_TASK REQUIREMENTS_.
Only one stretch of the data below is needed. Output the lines from the one with "E_def abs_mult mult_left_le)" up to and including the one with "2 * \<bar>a\<bar> \<le>", exactly as they stand.

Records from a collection
lemma cubic_form_transversal:
  fixes \<phi> w1 w2 \<epsilon> :: real
  defines "b \<equiv> w2 * cos \<phi> - w1 * sin \<phi>"
  assumes "0 \<le> \<epsilon>" "\<epsilon> \<le> \<bar>cos \<phi> + sin \<phi>\<bar>"
  shows "\<epsilon> / 2 * (sqrt (w1\<^sup>2 + w2\<^sup>2) - \<bar>b\<bar>) - \<bar>b\<bar> \<le> \<bar>(cos \<phi>)\<^sup>2 * w1 + (sin \<phi>)\<^sup>2 * w2\<bar>"
proof -
  define a where "a = w1 * cos \<phi> + w2 * sin \<phi>"
  define F E where "F = (cos \<phi> + sin \<phi>) * (1 - cos \<phi> * sin \<phi>)"
    and "E = cos \<phi> * sin \<phi> * (sin \<phi> - cos \<phi>)"
  note frame = cubic_form_frame[of "cos \<phi>" "sin \<phi>" w1 w2, OF sin_cos_squared_add2,
      folded a_def b_def F_def E_def]
  have cs: "\<bar>cos \<phi> * sin \<phi>\<bar> \<le> 1 / 2"
    using sum_squares_bound[of "cos \<phi>" "sin \<phi>"] sum_squares_bound[of "cos \<phi>" "- sin \<phi>"]
    by (auto simp: abs_le_iff)
  have "\<epsilon> * (1 / 2) \<le> \<bar>cos \<phi> + sin \<phi>\<bar> * \<bar>1 - cos \<phi> * sin \<phi>\<bar>"
    using assms(2,3) cs by (intro mult_mono) auto
  then have F: "\<epsilon> / 2 \<le> \<bar>F\<bar>" by (simp add: F_def abs_mult)
  have "\<bar>sin \<phi> - cos \<phi>\<bar> \<le> 2" using abs_sin_le_one[of \<phi>] abs_cos_le_one[of \<phi>] by linarith
  then have "\<bar>cos \<phi> * sin \<phi>\<bar> * \<bar>sin \<phi> - cos \<phi>\<bar> \<le> 1 / 2 * 2" using cs by (intro mult_mono) auto
  then have "\<bar>b\<bar> * \<bar>E\<bar> \<le> \<bar>b\<bar>" by (simp add: E_def abs_mult mult_left_le)
  moreover have "w1\<^sup>2 + w2\<^sup>2 \<le> (\<bar>a\<bar> + \<bar>b\<bar>)\<^sup>2"
    unfolding frame(2) by (simp add: power2_eq_square algebra_simps)
  then have "sqrt (w1\<^sup>2 + w2\<^sup>2) \<le> \<bar>a\<bar> + \<bar>b\<bar>" by (simp add: real_le_lsqrt)
  then have "\<epsilon> / 2 * (sqrt (w1\<^sup>2 + w2\<^sup>2) - \<bar>b\<bar>) \<le> \<epsilon> / 2 * \<bar>a\<bar>"
    using assms(2) by (intro mult_left_mono) auto
  moreover have "\<epsilon> / 2 * \<bar>a\<bar> \<le> \<bar>a\<bar> * \<bar>F\<bar>"
    using mult_left_mono[OF F, of "\<bar>a\<bar>"] by (simp add: mult.commute)
  moreover have "\<bar>a\<bar> * \<bar>F\<bar> - \<bar>b\<bar> * \<bar>E\<bar> \<le> \<bar>a * F + b * E\<bar>"
    unfolding abs_mult[symmetric] by linarith
  ultimately show ?thesis
    unfolding frame(1) by linarith
qed

lemma abs_resonance_polar_ge:
  fixes s \<phi> \<xi>2 \<eta>2 \<epsilon> B :: real
  defines "w1 \<equiv> s * cos \<phi> + \<xi>2" and "w2 \<equiv> s * sin \<phi> + \<eta>2"
  defines "W \<equiv> sqrt (w1\<^sup>2 + w2\<^sup>2)"
  assumes \<epsilon>: "0 \<le> \<epsilon>" "\<epsilon> \<le> \<bar>cos \<phi> + sin \<phi>\<bar>"
    and B: "\<bar>w2 * cos \<phi> - w1 * sin \<phi>\<bar> \<le> B"
  shows "s\<^sup>2 * (\<epsilon> / 2 * (W - B) - B) \<le> \<bar>resonance (s * cos \<phi>) (s * sin \<phi>) \<xi>2 \<eta>2\<bar> + \<bar>s\<bar> * W\<^sup>2"
proof -
  define P where "P = s * cos \<phi> * w1\<^sup>2 + s * sin \<phi> * w2\<^sup>2"
  have "s\<^sup>2 * (\<epsilon> / 2 * (W - B) - B) \<le> s\<^sup>2 * \<bar>(cos \<phi>)\<^sup>2 * w1 + (sin \<phi>)\<^sup>2 * w2\<bar>"
  proof (rule mult_left_mono)
    have "\<epsilon> / 2 * (W - B) \<le> \<epsilon> / 2 * (W - \<bar>w2 * cos \<phi> - w1 * sin \<phi>\<bar>)"
      using \<epsilon>(1) B by (intro mult_left_mono) auto
    then show "\<epsilon> / 2 * (W - B) - B \<le> \<bar>(cos \<phi>)\<^sup>2 * w1 + (sin \<phi>)\<^sup>2 * w2\<bar>"
      using cubic_form_transversal[OF \<epsilon>, of w1 w2] B unfolding W_def by linarith
  qed simp
  also have "\<dots> \<le> \<bar>resonance (s * cos \<phi>) (s * sin \<phi>) \<xi>2 \<eta>2\<bar> + \<bar>P\<bar>"
  proof -
    have "resonance (s * cos \<phi>) (s * sin \<phi>) \<xi>2 \<eta>2 = P - s\<^sup>2 * ((cos \<phi>)\<^sup>2 * w1 + (sin \<phi>)\<^sup>2 * w2)"
      unfolding resonance_eq P_def w1_def w2_def by (simp add: power_mult_distrib algebra_simps)
    then show ?thesis by (simp add: abs_mult)
  qed
  also have "\<bar>P\<bar> \<le> \<bar>s\<bar> * \<bar>cos \<phi>\<bar> * w1\<^sup>2 + \<bar>s\<bar> * \<bar>sin \<phi>\<bar> * w2\<^sup>2"
    unfolding P_def using abs_triangle_ineq[of "s * cos \<phi> * w1\<^sup>2" "s * sin \<phi> * w2\<^sup>2"]
    by (simp add: abs_mult)
  also have "\<dots> \<le> \<bar>s\<bar> * 1 * w1\<^sup>2 + \<bar>s\<bar> * 1 * w2\<^sup>2"
    by (intro add_mono mult_right_mono mult_left_mono) auto
  finally show ?thesis by (simp add: W_def distrib_left)
qed

lemma output_size_le:
  fixes s \<phi> \<xi>2 \<eta>2 \<epsilon> H B N1 N3 :: real
  defines "w1 \<equiv> s * cos \<phi> + \<xi>2" and "w2 \<equiv> s * sin \<phi> + \<eta>2"
  assumes \<epsilon>: "0 \<le> \<epsilon>" "\<epsilon> \<le> \<bar>cos \<phi> + sin \<phi>\<bar>" and s: "N1 / 2 < \<bar>s\<bar>"
    and w: "N3 / 2 < sqrt (w1\<^sup>2 + w2\<^sup>2)" "sqrt (w1\<^sup>2 + w2\<^sup>2) < 2 * N3"
    and B: "\<bar>w2 * cos \<phi> - w1 * sin \<phi>\<bar> \<le> B"
    and H: "\<bar>resonance (s * cos \<phi>) (s * sin \<phi>) \<xi>2 \<eta>2\<bar> \<le> H"
    and small: "16 * N3 \<le> \<epsilon> * N1"
  shows "\<epsilon> * N3 \<le> 8 * (4 * H / N1\<^sup>2 + 2 * B)"
proof -
  define W where "W = sqrt (w1\<^sup>2 + w2\<^sup>2)"
  define h where "h = 4 * H / N1\<^sup>2"
  have "0 \<le> W" by (simp add: W_def)
  then have "0 < N3" using w(2) W_def by linarith
  then have "0 < \<epsilon> * N1" using small by linarith
  then have "0 < \<epsilon>" "0 < N1" using \<epsilon>(1) by (auto simp: zero_less_mult_iff)
  have "s\<^sup>2 * (\<epsilon> / 2 * (W - B) - B) \<le> H + \<bar>s\<bar> * W\<^sup>2"
    using abs_resonance_polar_ge[OF \<epsilon> B[unfolded w1_def w2_def]] H
    unfolding W_def w1_def w2_def by linarith
  also have "H \<le> s\<^sup>2 * h"
  proof -
    have "(N1 / 2)\<^sup>2 \<le> s\<^sup>2"
      using s \<open>0 < N1\<close> by (metis abs_le_square_iff less_imp_le abs_of_pos half_gt_zero)
    then show ?thesis using \<open>0 < N1\<close> H by (simp add: h_def field_simps mult_left_mono)
  qed
  also have "\<bar>s\<bar> * W\<^sup>2 \<le> s\<^sup>2 * (\<epsilon> / 4 * W)"
  proof -
    have "W * W \<le> W * (\<epsilon> * N1 / 8)"
      using w(2) small \<open>0 \<le> W\<close> unfolding W_def by (intro mult_left_mono) auto
    then have "\<bar>s\<bar> * W\<^sup>2 \<le> \<bar>s\<bar> * W * (\<epsilon> * N1 / 8)"
      by (simp add: power2_eq_square mult_left_mono mult.assoc)
    also have "\<dots> \<le> \<bar>s\<bar> * W * (\<epsilon> * \<bar>s\<bar> / 4)"
      using s \<open>0 < \<epsilon>\<close> W_def by (intro mult_left_mono) auto
    finally show ?thesis by (simp add: power2_eq_square algebra_simps)
  qed
  finally have "s\<^sup>2 * (\<epsilon> / 2 * (W - B) - B) \<le> s\<^sup>2 * (h + \<epsilon> / 4 * W)"
    by (simp only: distrib_left)
  moreover have "0 < s\<^sup>2" using s \<open>0 < N1\<close> by auto
  ultimately have "\<epsilon> / 2 * (W - B) - B \<le> h + \<epsilon> / 4 * W"
    by (simp add: mult_le_cancel_left_pos)
  moreover have "\<epsilon> \<le> 2" using \<epsilon>(2) abs_sin_le_one[of \<phi>] abs_cos_le_one[of \<phi>] by linarith
  then have "B * (\<epsilon> / 2) \<le> B"
    using \<epsilon>(1) B abs_ge_zero[of "w2 * cos \<phi> - w1 * sin \<phi>"] by (intro mult_left_le) auto
  moreover have "\<epsilon> * N3 \<le> \<epsilon> * (2 * W)" using w(1) \<open>0 < \<epsilon>\<close> W_def by simp
  ultimately show ?thesis
    unfolding h_def[symmetric] by (simp add: algebra_simps)
qed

_RESPONSE BELOW_.
  then have "\<bar>b\<bar> * \<bar>E\<bar> \<le> \<bar>b\<bar>" by (simp add: E_def abs_mult mult_left_le)
  moreover have "w1\<^sup>2 + w2\<^sup>2 \<le> (\<bar>a\<bar> + \<bar>b\<bar>)\<^sup>2"
    unfolding frame(2) by (simp add: power2_eq_square algebra_simps)
  then have "sqrt (w1\<^sup>2 + w2\<^sup>2) \<le> \<bar>a\<bar> + \<bar>b\<bar>" by (simp add: real_le_lsqrt)
  then have "\<epsilon> / 2 * (sqrt (w1\<^sup>2 + w2\<^sup>2) - \<bar>b\<bar>) \<le> \<epsilon> / 2 * \<bar>a\<bar>"
    using assms(2) by (intro mult_left_mono) auto
  moreover have "\<epsilon> / 2 * \<bar>a\<bar> \<le> \<bar>a\<bar> * \<bar>F\<bar>"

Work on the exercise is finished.